Only one stretch of the data below is wanted: the lines from the one with "least as many" through the one with "are contained in", repeated exactly.

_Extracted entries_
---*---

(* For any finite simple graph $G$, $$|\operatorname{nucleus}(G)|+|\operatorname{diadem}(G)|\le 2\alpha(G)\le |\operatorname{core}(G)|+|\operatorname{corona}(G)|.$$
   Context: For $X\subseteq V(G)$, $N(X)$ is the set of vertices adjacent to some vertex of $X$, and $d(X)=|X|-|N(X)|$. An independent set $S$ is critical if $d(S)=\max\{d(X):X\subseteq V(G)\}$; the empty set may be critical. A maximum critical independent set is a critical independent set of maximum cardinality. $\operatorname{nucleus}(G)$ and $\operatorname{diadem}(G)$ are, respectively, the intersection and the union of all maximum critical independent sets. $\alpha(G)$ is the independence number. $\operatorname{core}(G)$ and $\operatorname{corona}(G)$ are, respectively, the intersection and the union of all maximum independent sets of $G$. *)

theory Defs
  imports Main
begin

definition simple_graph :: "'a set \<Rightarrow> ('a \<Rightarrow> 'a \<Rightarrow> bool) \<Rightarrow> bool" where
  "simple_graph V E \<longleftrightarrow> finite V \<and> (\<forall>u v. E u v \<longrightarrow> u \<in> V \<and> v \<in> V)
     \<and> (\<forall>u v. E u v \<longrightarrow> E v u) \<and> (\<forall>v. \<not> E v v)"

definition nbhd :: "'a set \<Rightarrow> ('a \<Rightarrow> 'a \<Rightarrow> bool) \<Rightarrow> 'a set \<Rightarrow> 'a set" where
  "nbhd V E X = {v \<in> V. \<exists>x\<in>X. E x v}"

definition dval :: "'a set \<Rightarrow> ('a \<Rightarrow> 'a \<Rightarrow> bool) \<Rightarrow> 'a set \<Rightarrow> int" where
  "dval V E X = int (card X) - int (card (nbhd V E X))"

definition indep :: "'a set \<Rightarrow> ('a \<Rightarrow> 'a \<Rightarrow> bool) \<Rightarrow> 'a set \<Rightarrow> bool" where
  "indep V E S \<longleftrightarrow> S \<subseteq> V \<and> (\<forall>x\<in>S. \<forall>y\<in>S. \<not> E x y)"

definition max_d :: "'a set \<Rightarrow> ('a \<Rightarrow> 'a \<Rightarrow> bool) \<Rightarrow> int" where
  "max_d V E = Max (dval V E ` Pow V)"

definition critical_indep :: "'a set \<Rightarrow> ('a \<Rightarrow> 'a \<Rightarrow> bool) \<Rightarrow> 'a set \<Rightarrow> bool" where
  "critical_indep V E S \<longleftrightarrow> indep V E S \<and> dval V E S = max_d V E"

definition max_critical_indep :: "'a set \<Rightarrow> ('a \<Rightarrow> 'a \<Rightarrow> bool) \<Rightarrow> 'a set \<Rightarrow> bool" where
  "max_critical_indep V E S \<longleftrightarrow> critical_indep V E S
     \<and> (\<forall>T. critical_indep V E T \<longrightarrow> card T \<le> card S)"

definition nucleus :: "'a set \<Rightarrow> ('a \<Rightarrow> 'a \<Rightarrow> bool) \<Rightarrow> 'a set" where
  "nucleus V E = \<Inter> {S. max_critical_indep V E S}"

definition diadem :: "'a set \<Rightarrow> ('a \<Rightarrow> 'a \<Rightarrow> bool) \<Rightarrow> 'a set" where
  "diadem V E = \<Union> {S. max_critical_indep V E S}"

definition alpha :: "'a set \<Rightarrow> ('a \<Rightarrow> 'a \<Rightarrow> bool) \<Rightarrow> nat" where
  "alpha V E = Max (card ` {S. indep V E S})"

definition max_indep :: "'a set \<Rightarrow> ('a \<Rightarrow> 'a \<Rightarrow> bool) \<Rightarrow> 'a set \<Rightarrow> bool" where
  "max_indep V E S \<longleftrightarrow> indep V E S \<and> card S = alpha V E"

definition core :: "'a set \<Rightarrow> ('a \<Rightarrow> 'a \<Rightarrow> bool) \<Rightarrow> 'a set" where
  "core V E = \<Inter> {S. max_indep V E S}"

definition corona :: "'a set \<Rightarrow> ('a \<Rightarrow> 'a \<Rightarrow> bool) \<Rightarrow> 'a set" where
  "corona V E = \<Union> {S. max_indep V E S}"

end

theory Submission
  imports Defs
begin

text \<open>
Upper bound: fix a maximum critical independent set S. Every vertex of diadem - S
has a neighbour in S, for otherwise it could be added to S keeping d maximal. Since d is
supermodular, a critical set S satisfies Hall's condition into N(S), so diadem - S has at
least as many neighbours in S, and these avoid the nucleus. Hence
|diadem| - |S| \<le> |S| - |nucleus|, and |S| \<le> \<alpha>.

Lower bound: if S is a maximum independent set and the sets of a family all contain I and
are contained in U, then (S \<inter> U) \<union> (I - S) is independent, which yields
|I| + |U| \<le> |I \<inter> S| + |U \<union> S|; induction over the family of all maximum independent
sets gives 2\<alpha> \<le> |core| + |corona|.
\<close>

lemma simple_graph_finite: "simple_graph V E \<Longrightarrow> finite V"
  by (simp add: simple_graph_def)

lemma simple_graph_edge_in: "simple_graph V E \<Longrightarrow> E u v \<Longrightarrow> u \<in> V \<and> v \<in> V"
  by (simp add: simple_graph_def)

lemma simple_graph_sym: "simple_graph V E \<Longrightarrow> E u v \<Longrightarrow> E v u"
  by (simp add: simple_graph_def)

lemma nbhd_subset: "nbhd V E X \<subseteq> V"
  by (auto simp: nbhd_def)

lemma finite_nbhd: "simple_graph V E \<Longrightarrow> finite (nbhd V E X)"
  using simple_graph_finite nbhd_subset finite_subset by metis

lemma finite_indep_sets: "simple_graph V E \<Longrightarrow> finite {S. indep V E S}"
  by (rule finite_subset[of _ "Pow V"]) (auto simp: indep_def simple_graph_finite)
lemma span_over_sum:
  assumes "subring_closed R" "\<And>i. i \<in> I \<Longrightarrow> f i \<in> span_over R E g"
  shows "sum f I \<in> span_over R E g"
  using assms(2) by (induction I rule: infinite_finite_induct)
    (auto intro: span_over_zero span_over_add assms(1))

lemma span_over_generator:
  assumes R: "subring_closed R" and "finite E" "k \<in> E"
  shows "g k \<in> span_over R E g"
proof -
  have "(\<Sum>l\<in>E. (if l = k then 1 else 0) * g l) = (\<Sum>l\<in>E. if l = k then g l else 0)"
    by (rule sum.cong) auto
  then have "g k = (\<Sum>l\<in>E. (if l = k then 1 else 0) * g l)"
    using assms(2,3) by simp
  then show ?thesis
    using R unfolding span_over_def subring_closed_def
    by (intro CollectI exI[of _ "\<lambda>l. if l = k then 1 else 0"]) auto
qed

text \<open>The determinant trick: \<open>x\<close> acts on the finitely generated module by a matrix over
  \<open>R\<close> having the (nonzero) vector of generators as eigenvector.\<close>

lemma integral_over_if_span_mult_closed:
  fixes x :: "'a::field"
  assumes R: "subring_closed R" and E: "finite E" and k0: "k0 \<in> E" "g k0 \<noteq> 0"
    and closed: "\<forall>k\<in>E. x * g k \<in> span_over R E g"
  shows "integral_over R x"
proof -
  obtain xs where xs: "distinct xs" "set xs = E"
    using finite_distinct_list[OF E] by blast
  define N where "N = length xs"
  have reindex: "(\<Sum>k\<in>E. f k) = (\<Sum>a<N. f (xs ! a))" for f :: "_ \<Rightarrow> 'a"
    using sum.reindex_bij_betw[OF bij_betw_nth[OF xs(1) refl xs(2)[symmetric]], of f] by (simp add: N_def)
  have "\<forall>k\<in>E. \<exists>c. (\<forall>l\<in>E. c l \<in> R) \<and> x * g k = (\<Sum>l\<in>E. c l * g l)"
    using closed unfolding span_over_def by blast
  then obtain c where c: "\<And>k. k \<in> E \<Longrightarrow> (\<forall>l\<in>E. c k l \<in> R) \<and> x * g k = (\<Sum>l\<in>E. c k l * g l)"
    by (metis bchoice)
  define C where "C = mat N N (\<lambda>(a, b). c (xs ! a) (xs ! b))"
  define v where "v = vec N (\<lambda>a. g (xs ! a))"
  have C: "C \<in> carrier_mat N N"
    by (simp add: C_def)
  have in_E: "a < N \<Longrightarrow> xs ! a \<in> E" for a
    using xs(2) by (auto simp: N_def)
  have "C *\<^sub>v v = x \<cdot>\<^sub>v v"
  proof (rule eq_vecI)
    fix a assume "a < dim_vec (x \<cdot>\<^sub>v v)"
    then have a: "a < N" by (simp add: v_def)
    have "(C *\<^sub>v v) $ a = (\<Sum>b<N. c (xs ! a) (xs ! b) * g (xs ! b))"
      using a by (simp add: C_def v_def scalar_prod_def lessThan_atLeast0)
    also have "\<dots> = x * g (xs ! a)"
      using c[OF in_E[OF a]] reindex by simp
    finally show "(C *\<^sub>v v) $ a = (x \<cdot>\<^sub>v v) $ a"
      using a by (simp add: v_def)
  qed (simp add: C_def v_def)
  moreover have "v \<noteq> 0\<^sub>v N"
  proof
    obtain a0 where "a0 < N" "xs ! a0 = k0"
      using k0(1) xs(2) by (auto simp: N_def in_set_conv_nth)
    moreover assume "v = 0\<^sub>v N"
    ultimately show False
      using k0(2) by (metis index_vec index_zero_vec(1) v_def)
  qed
  ultimately have "eigenvector C v x"
    using C unfolding eigenvector_def by (simp add: v_def)
  then have "eigenvalue C x"
    unfolding eigenvalue_def by blast
  moreover have "C $$ (a, b) \<in> R" if "a < N" "b < N" for a b
    using c in_E that by (simp add: C_def)
  ultimately show ?thesis
    using integral_over_if_eigenvalue[OF R C] by blast
qed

---*---

_Output_
least as many neighbours in S, and these avoid the nucleus. Hence
|diadem| - |S| \<le> |S| - |nucleus|, and |S| \<le> \<alpha>.

Lower bound: if S is a maximum independent set and the sets of a family all contain I and
are contained in U, then (S \<inter> U) \<union> (I - S) is independent, which yields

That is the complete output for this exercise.